Quanto lontani siamo dalla "pacifica filosofia sicura" del Settecento, allorché sembrava che ogni
segreto della natura fosse stato svelato o stesse per esserlo. Mentre ritorna l’antico ammonimento
socratico che nel V secolo a. C. proclamava nelle piazze di Atene: «Unum scio, nihil scire». Ma
anche nell’Eneide (IX, 742) leggiamo: «Hic etiam inventum Priamo narrabis Achillem».

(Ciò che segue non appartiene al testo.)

(* Let $n\geq 1$ and let $a$ and $b_j,c_j,d_j$, $j=1,\dots,n$, be (nonzero complex) parameters such that the product $b_jc_jd_j$ is independent of $j$. Put $e=a^2/(b_jc_jd_j)$ (which is then independent of $j$). Then $$ \det_{1\leq j,k\leq n}\left(\frac{(b_j,c_j,d_j)_{k-1}}{(a/b_j,a/c_j,a/d_j)_{k-1}} \right) =\left(\frac{a}{e}\right)^{\binom n2}\prod_{j=2}^n \frac{(aq^{j-2})_{j-1}}{(eq^{j-2})_{j-1}} \det_{1\leq j,k\leq n}\left(\frac{(a/b_jc_j,\,a/b_jd_j,\,a/c_jd_j)_{k-1}} {(a/b_j,a/c_j,a/d_j)_{k-1}}\right). $$
   Context: Fix complex numbers $p,q$ with $|p|<1$. Define $\theta(x)=\prod_{j=0}^\infty(1-p^jx)(1-p^{j+1}/x)$ for $x\neq 0$, the elliptic shifted factorial $(a)_k=\theta(a)\theta(aq)\cdots\theta(aq^{k-1})$ (with $(a)_0=1$), and $(a_1,\dots,a_m)_k=(a_1)_k\cdots(a_m)_k$. Expressions such as $a/b_jc_j$ mean $a/(b_jc_j)$. The identity is understood for parameters where all denominators are nonzero. *)

theory Defs
  imports "HOL-Analysis.Infinite_Products" "Jordan_Normal_Form.Determinant"
begin

definition theta :: "complex \<Rightarrow> complex \<Rightarrow> complex" where
  "theta p x = (\<Prod>j. (1 - p ^ j * x) * (1 - p ^ (j + 1) / x))"

definition eshift :: "complex \<Rightarrow> complex \<Rightarrow> complex \<Rightarrow> nat \<Rightarrow> complex" where
  "eshift p q a k = (\<Prod>i<k. theta p (a * q ^ i))"

end

(* Write s = a / (b_j c_j d_j). The intermediate matrices with entries
     (x)_min(m,k) (xs)_(k - min(m,k)) / (a/x)_k,  multiplied over x = b_j, c_j, d_j,
   interpolate between the right-hand matrix (m = 0) and the left-hand one (m = n).
   The three-term addition formula for theta shows that passing from m to m + 1 replaces
   each column k > m by a combination of itself and column k - 1, so the determinant only
   picks up the diagonal coefficients, whose product is the prefactor.
   The addition formula is proved for generic parameters by a Liouville argument: the two
   sides differ by a holomorphic function on the punctured plane with the same quasi-periodicity
   under z |-> p z as a product of two thetas whose zeros it shares, so their quotient is a
   bounded entire function of log z.  Continuity removes the genericity, and p = 0 is a
   rational identity. *)

theory Submission
  imports "HOL-Complex_Analysis.Complex_Analysis" Defs
begin

section \<open>The theta function\<close>

definition qpoch_inf :: "complex \<Rightarrow> complex \<Rightarrow> complex" where
  "qpoch_inf p x = (\<Prod>j. 1 - p ^ j * x)"

lemma qpoch_inf_has_prod:
  assumes "norm p < 1"
  shows "(\<lambda>j. 1 - p ^ j * x) has_prod qpoch_inf p x"
proof -
  have "summable (\<lambda>j. norm p ^ j * norm x)"
    using assms by (intro summable_mult2 summable_geometric) auto
  then have "summable (\<lambda>j. norm ((1 - p ^ j * x) - 1))"
    by (simp add: norm_mult norm_power)
  then have "convergent_prod (\<lambda>j. 1 - p ^ j * x)"
    by (intro abs_convergent_prod_imp_convergent_prod summable_imp_abs_convergent_prod)
  then show ?thesis
    unfolding qpoch_inf_def by (simp add: convergent_prod_has_prod_iff)
qed

lemma qpoch_inf_unfold:
  assumes "norm p < 1"
  shows "qpoch_inf p x = (1 - x) * qpoch_inf p (p * x)"
proof -
  have "(\<lambda>j. 1 - p ^ Suc j * x) has_prod qpoch_inf p (p * x)"
    using qpoch_inf_has_prod[OF assms, of "p * x"] by (simp add: mult.assoc mult.left_commute)
  then have "(\<lambda>j. 1 - p ^ j * x) has_prod (qpoch_inf p (p * x) * (1 - p ^ 0 * x))"
    by (rule has_prod_Suc_imp[where f = "\<lambda>j. 1 - p ^ j * x"])
  with qpoch_inf_has_prod[OF assms, of x] show ?thesis
    by (metis has_prod_unique2 mult.commute mult_1 power_0)
qed

lemma qpoch_inf_eq_0_iff:
  assumes "norm p < 1"
  shows "qpoch_inf p x = 0 \<longleftrightarrow> (\<exists>j. p ^ j * x = 1)"
  using has_prod_eq_0_iff[OF qpoch_inf_has_prod[OF assms, of x]] by (auto simp: image_iff)

lemma qpoch_inf_self_nonzero:
  assumes "norm p < 1"
  shows "qpoch_inf p p \<noteq> 0"
proof
  assume "qpoch_inf p p = 0"
  then obtain j where "p ^ Suc j = 1"
    using qpoch_inf_eq_0_iff[OF assms] by (auto simp: mult.commute)
  then have "norm p ^ Suc j = 1"
    by (metis norm_one norm_power)
  moreover have "norm p ^ Suc j < 1 ^ Suc j"
    using assms by (intro power_strict_mono) auto
  ultimately show False by simp
qed

lemma uniform_limit_qpoch_inf:
  assumes "norm p < 1"
  shows "uniform_limit (cball x 1) (\<lambda>N y. \<Prod>j<N. 1 - p ^ j * y) (qpoch_inf p) sequentially"
proof -
  have "uniformly_convergent_on (cball x 1) (\<lambda>N y. \<Prod>j<N. 1 - p ^ j * y)"
  proof (rule uniformly_convergent_on_prod')
    show "uniformly_convergent_on (cball x 1) (\<lambda>N y. \<Sum>j<N. norm (1 - p ^ j * y - 1))"
    proof (rule Weierstrass_m_test'[where M = "\<lambda>j. norm p ^ j * (norm x + 1)"])
      fix j y assume "y \<in> cball x 1"
      then have "norm y \<le> norm x + 1"
        using norm_triangle_ineq2[of y x] by (auto simp: dist_norm norm_minus_commute)
      then show "norm (norm (1 - p ^ j * y - 1)) \<le> norm p ^ j * (norm x + 1)"
        by (simp add: norm_mult norm_power mult_left_mono)
    next
      show "summable (\<lambda>j. norm p ^ j * (norm x + 1))"
        using assms by (intro summable_mult2 summable_geometric) auto
    qed
  qed (auto intro!: continuous_intros)
  moreover have "lim (\<lambda>N. \<Prod>j<N. 1 - p ^ j * y) = qpoch_inf p y" for y
  proof -
    have "(\<lambda>N. \<Prod>j\<le>N. 1 - p ^ j * y) \<longlonglongrightarrow> qpoch_inf p y"
      using qpoch_inf_has_prod[OF assms, of y]
      unfolding qpoch_inf_def by (intro convergent_prod_LIMSEQ) (simp add: has_prod_iff)
    then show ?thesis
      by (intro limI) (simp add: LIMSEQ_lessThan_iff_atMost)
  qed
  ultimately show ?thesis
    by (simp add: uniformly_convergent_uniform_limit_iff)
qed

lemma holomorphic_qpoch_inf:
  assumes "norm p < 1"
  shows "qpoch_inf p holomorphic_on UNIV"
proof (rule holomorphic_uniform_sequence[where f = "\<lambda>N y. \<Prod>j<N. 1 - p ^ j * y"])
  show "\<exists>d>0. cball x d \<subseteq> UNIV \<and>
      uniform_limit (cball x d) (\<lambda>N y. \<Prod>j<N. 1 - p ^ j * y) (qpoch_inf p) sequentially" for x
    using uniform_limit_qpoch_inf[OF assms, of x] by (intro exI[of _ 1]) auto
qed (auto intro!: holomorphic_intros)

lemma holomorphic_on_qpoch_inf_comp [holomorphic_intros]:
  assumes "norm p < 1" "f holomorphic_on S"
  shows "(\<lambda>z. qpoch_inf p (f z)) holomorphic_on S"
  using holomorphic_on_compose_gen[OF assms(2) holomorphic_qpoch_inf[OF assms(1)]]
  by (simp add: o_def)

lemma theta_eq_qpoch_inf:
  assumes "norm p < 1"
  shows "theta p x = qpoch_inf p x * qpoch_inf p (p / x)"
proof -
  have "(\<lambda>j. (1 - p ^ j * x) * (1 - p ^ j * (p / x))) has_prod (qpoch_inf p x * qpoch_inf p (p / x))"
    by (intro has_prod_mult qpoch_inf_has_prod assms)
  then have "(\<lambda>j. (1 - p ^ j * x) * (1 - p ^ (j + 1) / x)) has_prod (qpoch_inf p x * qpoch_inf p (p / x))"
    by (simp add: ac_simps)
  then show ?thesis
    unfolding theta_def by (rule has_prod_unique[symmetric])
qed

lemma theta_eq_one_minus:
  assumes "norm p < 1"
  shows "theta p x = (1 - x) * (qpoch_inf p (p * x) * qpoch_inf p (p / x))"
  unfolding theta_eq_qpoch_inf[OF assms] by (subst qpoch_inf_unfold[OF assms, of x]) simp

lemma theta_one: "norm p < 1 \<Longrightarrow> theta p 1 = 0"
  using theta_eq_one_minus[of p 1] by simp

lemma theta_nome_zero: "theta 0 x = 1 - x"
  using theta_eq_one_minus[of 0 x] by (simp add: qpoch_inf_def)

lemma theta_inverse:
  assumes "norm p < 1" "x \<noteq> 0"
  shows "theta p (1 / x) = - theta p x / x"
  using assms by (simp add: theta_eq_one_minus field_simps)

lemma theta_mult_nome:
  assumes "norm p < 1" "p \<noteq> 0" "x \<noteq> 0"
  shows "theta p (p * x) = - theta p x / x"
proof -
  have "theta p (p * x) = qpoch_inf p (p * x) * qpoch_inf p (1 / x)"
    using assms by (simp add: theta_eq_qpoch_inf)
  also have "\<dots> = qpoch_inf p (p * x) * ((1 - 1 / x) * qpoch_inf p (p / x))"
    using qpoch_inf_unfold[OF assms(1), of "1 / x"] by simp
  finally show ?thesis
    using assms by (simp add: theta_eq_one_minus field_simps)
qed

lemma theta_div_nome:
  assumes "norm p < 1" "p \<noteq> 0" "x \<noteq> 0"
  shows "theta p (x / p) = - (x / p) * theta p x"
  using theta_mult_nome[OF assms(1,2), of "x / p"] assms by (simp add: field_simps)

lemma holomorphic_on_theta_comp:
  assumes "norm p < 1" "f holomorphic_on S" "\<And>z. z \<in> S \<Longrightarrow> f z \<noteq> 0"
  shows "(\<lambda>z. theta p (f z)) holomorphic_on S"
proof -
  have "(\<lambda>z. qpoch_inf p (f z) * qpoch_inf p (p / f z)) holomorphic_on S"
    using assms by (intro holomorphic_intros) auto
  then show ?thesis
    by (simp add: theta_eq_qpoch_inf[OF assms(1)])
qed

lemma holomorphic_on_theta: "norm p < 1 \<Longrightarrow> theta p holomorphic_on - {0}"
  using holomorphic_on_theta_comp[of p "\<lambda>z. z" "- {0}"] by simp

lemma continuous_on_theta_comp:
  assumes "norm p < 1" "continuous_on S f" "\<And>z. z \<in> S \<Longrightarrow> f z \<noteq> 0"
  shows "continuous_on S (\<lambda>z. theta p (f z))"
proof (rule continuous_on_compose2[OF _ assms(2)])
  show "continuous_on (- {0}) (theta p)"
    using holomorphic_on_theta[OF assms(1)] by (rule holomorphic_on_imp_continuous_on)
qed (use assms(3) in auto)

lemma theta_has_field_derivative:
  assumes "norm p < 1" "x \<noteq> 0"
  shows "(theta p has_field_derivative deriv (theta p) x) (at x)"
  using assms by (intro holomorphic_derivI[OF holomorphic_on_theta]) auto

Insomma, la scienza si pone come una grande costruzione umana che non risolve i problemi
dell’uomo ma semplicemente li esprime.
Hugo Dingler afferma: «La crisi della scienza moderna non può essere risolta se la scienza moderna
non acquista uno spirito filosofico» (in: Der Zusammenbruch der Wissenschaft und der Primat der
Philosophie, München 1926) e il biologo Ludwig van Bertalanffy proclama la necessità di porre a
fondamento della biologia sperimentale una biologia teoretica, che è poi disciplina filosofica. E per
promuovere questo studio fu fondata a Leyda nel 1935 una apposita rivista: gli Acta biotheoretica.

Non c’è dunque dubbio alcuno, la scienza non ha risolto i problemi della conoscenza, semmai li ha
complicati e, a parte i progressi nella vita pratica e i disagi che vi si mescolano, ha lasciato l’uomo
nel dubbio, nell’incertezza, quando non nella disperazione. In questo senso si parla di crisi di una
civiltà, e a farlo non sono certo delle Cassandre, ma già Spengler, nel Tramonto dell’Occidente,
parla di una decadenza della civiltà legata all’incertezza della scienza e all’indeterminazione di ciò
che questa ci racconta.
Non siamo lontani da quanto diceva un medico veronese del Cinquecento, Gerolamo Fracastoro,
scopritore delle cause della sifilide (il Treponema pallidum) nell’epistola a Flaminium et Galeatum
Florimontium: «Che dirò mai ch’io faccia, qual vita dirò ch’io conduca se, misero, inquieto, indago
sempre ed invano il mondo che mi sfugge, se, appena per poco si mostra, a me, sì come Proteo, già
presto mutato d’aspetto, in mille modi m’inganna?» (trad. G. Lentini - G. Carabba).